Jeff Passan, for ESPN:

An MIT-educated physics professor at the University of Michigan for seven years, [Aaron] Leanhardt left academia for athletics specifically to solve these sorts of problems. And as he spoke with more players, the framework of a solution began to reveal itself. With strikeouts at an all-time high, hitters wanted to counter that by making more contact. And the easiest way to do so, Leanhardt surmised, was to increase the size of the barrel on their bat.

Elongating the barrel – the fat part of the bat that generates the hardest and most contact – sounded great in theory. Doing so in practice, though, would increase the weight of the bat and slow down swing speed, negating the gains a larger sweet spot would provide. […]

The creation of the bowling pin bat (also known as the torpedo bat) optimizes the most important tool in baseball by redistributing weight from the end of the bat toward the area 6 to 7 inches below its tip, where major league players typically strike the ball. Doing so takes an apparatus that for generations has looked the same and gives it a fun-house-mirror makeover, with the fat part of the bat more toward the handle and the end tapering toward a smaller diameter, like a bowling pin.
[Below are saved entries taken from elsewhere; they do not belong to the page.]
(* Let $(X,d,\mu)$ be a complete metric measure space with $\mu$ a doubling Borel regular measure, let $\Omega\subset X$ be a bounded domain, let $0<s<1$, and let $F\subset X$ be a measurable set with $F\setminus\Omega\neq\emptyset$. If $\mathcal{A}(F)\ne\emptyset$, then there exists a minimizer of $\mathcal{J}^s_\Omega$.
   Context: $\mu$ is doubling if there is $C_\mu\ge1$ with $0<\mu(B(x,2r))\le C_\mu\mu(B(x,r))<\infty$ for all $x,r$. A domain is a connected open set. Let $K_s(x,y)=\frac{2}{d(x,y)^s[\mu(B(x,d(x,y)))+\mu(B(y,d(x,y)))]}$, $L_s(A,B)=\int_A\int_BK_s(x,y)\,d\mu(y)\,d\mu(x)$, and $\mathcal{J}^s_\Omega(E)=L_s(E\cap\Omega,X\setminus E)+L_s(E\setminus\Omega,\Omega\setminus E)$. Let $\mathcal{A}(F)=\{E\subset X\text{ measurable}:E\setminus\Omega=F\setminus\Omega,\ \mathcal{J}^s_\Omega(E)<\infty\}$. A measurable $E$ is a minimizer of $\mathcal{J}^s_\Omega$ (with respect to $F$) if $\mathcal{J}^s_\Omega(E)<\infty$, $E\setminus\Omega=F\setminus\Omega$, and $\mathcal{J}^s_\Omega(E)\le\mathcal{J}^s_\Omega(E')$ for all measurable $E'$ with $E'\setminus\Omega=F\setminus\Omega$. *)

theory Defs
  imports "HOL-Analysis.Analysis"
begin

text \<open>The metric measure space is the whole type 'a (X = UNIV) with measure M.\<close>

definition doubling_measure :: "('a::metric_space) measure \<Rightarrow> bool" where
  "doubling_measure M \<longleftrightarrow> (\<exists>C::real. C \<ge> 1 \<and>
     (\<forall>x r. r > 0 \<longrightarrow>
        0 < emeasure M (ball x (2*r)) \<and>
        emeasure M (ball x (2*r)) \<le> ennreal C * emeasure M (ball x r) \<and>
        emeasure M (ball x r) < \<infinity>))"

definition borel_regular :: "('a::metric_space) measure \<Rightarrow> bool" where
  "borel_regular M \<longleftrightarrow> sets borel \<subseteq> sets M \<and>
     (\<forall>A\<in>sets M. \<exists>B\<in>sets borel. A \<subseteq> B \<and> emeasure M B = emeasure M A)"

definition domain :: "('a::topological_space) set \<Rightarrow> bool" where
  "domain \<Omega> \<longleftrightarrow> open \<Omega> \<and> connected \<Omega>"

text \<open>Kernel K_s; on the diagonal the formula gives 2/0, taken as \<infinity>.\<close>
definition Kern :: "('a::metric_space) measure \<Rightarrow> real \<Rightarrow> 'a \<Rightarrow> 'a \<Rightarrow> ennreal" where
  "Kern M s x y = (if x = y then \<infinity> else
     ennreal (2 / (dist x y powr s *
        (measure M (ball x (dist x y)) + measure M (ball y (dist x y))))))"

definition Ls :: "('a::metric_space) measure \<Rightarrow> real \<Rightarrow> 'a set \<Rightarrow> 'a set \<Rightarrow> ennreal" where
  "Ls M s A B = (\<integral>\<^sup>+ x \<in> A. (\<integral>\<^sup>+ y \<in> B. Kern M s x y \<partial>M) \<partial>M)"

definition Js :: "('a::metric_space) measure \<Rightarrow> real \<Rightarrow> 'a set \<Rightarrow> 'a set \<Rightarrow> ennreal" where
  "Js M s \<Omega> E = Ls M s (E \<inter> \<Omega>) (UNIV - E) + Ls M s (E - \<Omega>) (\<Omega> - E)"

definition admissible :: "('a::metric_space) measure \<Rightarrow> real \<Rightarrow> 'a set \<Rightarrow> 'a set \<Rightarrow> 'a set set" where
  "admissible M s \<Omega> F = {E \<in> sets M. E - \<Omega> = F - \<Omega> \<and> Js M s \<Omega> E < \<infinity>}"

definition is_minimizer :: "('a::metric_space) measure \<Rightarrow> real \<Rightarrow> 'a set \<Rightarrow> 'a set \<Rightarrow> 'a set \<Rightarrow> bool" where
  "is_minimizer M s \<Omega> F E \<longleftrightarrow> E \<in> sets M \<and> Js M s \<Omega> E < \<infinity> \<and> E - \<Omega> = F - \<Omega> \<and>
     (\<forall>E'\<in>sets M. E' - \<Omega> = F - \<Omega> \<longrightarrow> Js M s \<Omega> E \<le> Js M s \<Omega> E')"

end

theory Submission
  imports Defs
begin

text \<open>
  \<open>Js M s \<Omega> E\<close> is the integral of the kernel over the set of interacting pairs
  \<open>(E \<inter> \<Omega>) \<times> (UNIV - E) \<union> (E - \<Omega>) \<times> (\<Omega> - E)\<close>, whose indicator is pointwise submodular
  in \<open>E\<close>. Hence the functional is submodular, and by Fatou's lemma it is lower semicontinuous
  along pointwise convergent sequences of sets. The sets agreeing with \<open>F\<close> outside \<open>\<Omega>\<close> are
  closed under countable unions and intersections; let \<open>m\<close> be the infimum over them and take
  \<open>E\<^sub>n\<close> with value at most \<open>m + 2\<^sup>-\<^sup>n\<close>. Since the value at \<open>A \<union> B\<close> is at least \<open>m\<close>,
  submodularity bounds the value at \<open>E\<^sub>k \<inter> \<dots> \<inter> E\<^sub>k\<^sub>+\<^sub>d\<close> by \<open>m + 2\<^sup>1\<^sup>-\<^sup>k\<close>, and Fatou
  applied twice shows that \<open>\<Union>\<^sub>k \<Inter>\<^sub>n\<^sub>\<ge>\<^sub>k E\<^sub>n\<close> attains \<open>m\<close>.

  Tonelli and Fatou need the kernel to be measurable for the product \<open>\<sigma>\<close>-algebra. This uses
  separability: in a doubling space separated subsets of a ball are finite, so balls are
  totally bounded.\<close>

lemma eventually_mem_decseq:
  assumes "decseq A"
  shows "\<forall>\<^sub>F n in sequentially. x \<in> A n \<longleftrightarrow> x \<in> (\<Inter>n. A n)"
proof (cases "x \<in> (\<Inter>n. A n)")
  case False
  then obtain n0 where "x \<notin> A n0"
    by blast
  then have "x \<notin> A n" if "n \<ge> n0" for n
    using assms that by (auto simp: decseq_def)
  then show ?thesis
    using False unfolding eventually_sequentially by blast
qed simp

lemma eventually_mem_incseq:
  assumes "incseq A"
  shows "\<forall>\<^sub>F n in sequentially. x \<in> A n \<longleftrightarrow> x \<in> (\<Union>n. A n)"
proof (cases "x \<in> (\<Union>n. A n)")
  case True
  then obtain n0 where "x \<in> A n0"
    by blast
  then have "x \<in> A n" if "n \<ge> n0" for n
    using assms that by (auto simp: incseq_def)
  then show ?thesis
    using True unfolding eventually_sequentially by blast
qed simp

lemma geometric_partial_sum_le:
  fixes k d :: nat
  shows "(\<Sum>i\<le>d. (1/2::real) ^ (k + i)) \<le> 2 * (1/2) ^ k"
proof -
  have "(\<Sum>i\<le>d. (1/2::real) ^ i) \<le> (\<Sum>i. (1/2) ^ i)"
    by (intro sum_le_suminf summable_geometric) auto
  also have "\<dots> = 2"
    by (simp add: suminf_geometric)
  finally have "(1/2) ^ k * (\<Sum>i\<le>d. (1/2::real) ^ i) \<le> (1/2) ^ k * 2"
    by (rule mult_left_mono) simp
  then show ?thesis
    by (simp add: power_add sum_distrib_left mult.commute)
qed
There was much controversy about these bats over the weekend, certainly because this story involves the Yankees. But, these bats are entirely within the letter and the spirit of MLB’s bat regulations. I love seeing clever innovations in such an old game.

March 27, 2025

MLB.tv’s Opening Day Loss

Alex Andrejev, for The Athletic:

Many baseball fans took to social media Thursday to report issues streaming Opening Day games on MLB.TV. Fans shared various accounts on X of encountering error messages while trying to watch games, with the issue lasting at least an hour during the early slate.

In my experience it lasted way longer than an hour. This was so disappointing! I couldn’t even finish watching the Orioles 12–2 win over the Blue Jays today it was so glitchy.

Not a good sign as more teams choose to have MLB.tv produce and stream games this year.

March 24, 2025

AI Labyrinth

Interesting new feature from Cloudflare:

[We’ve] also seen an explosion of new crawlers used by AI companies to scrape data for model training. AI Crawlers generate more than 50 billion requests to the Cloudflare network every day, or just under 1% of all web requests we see. […]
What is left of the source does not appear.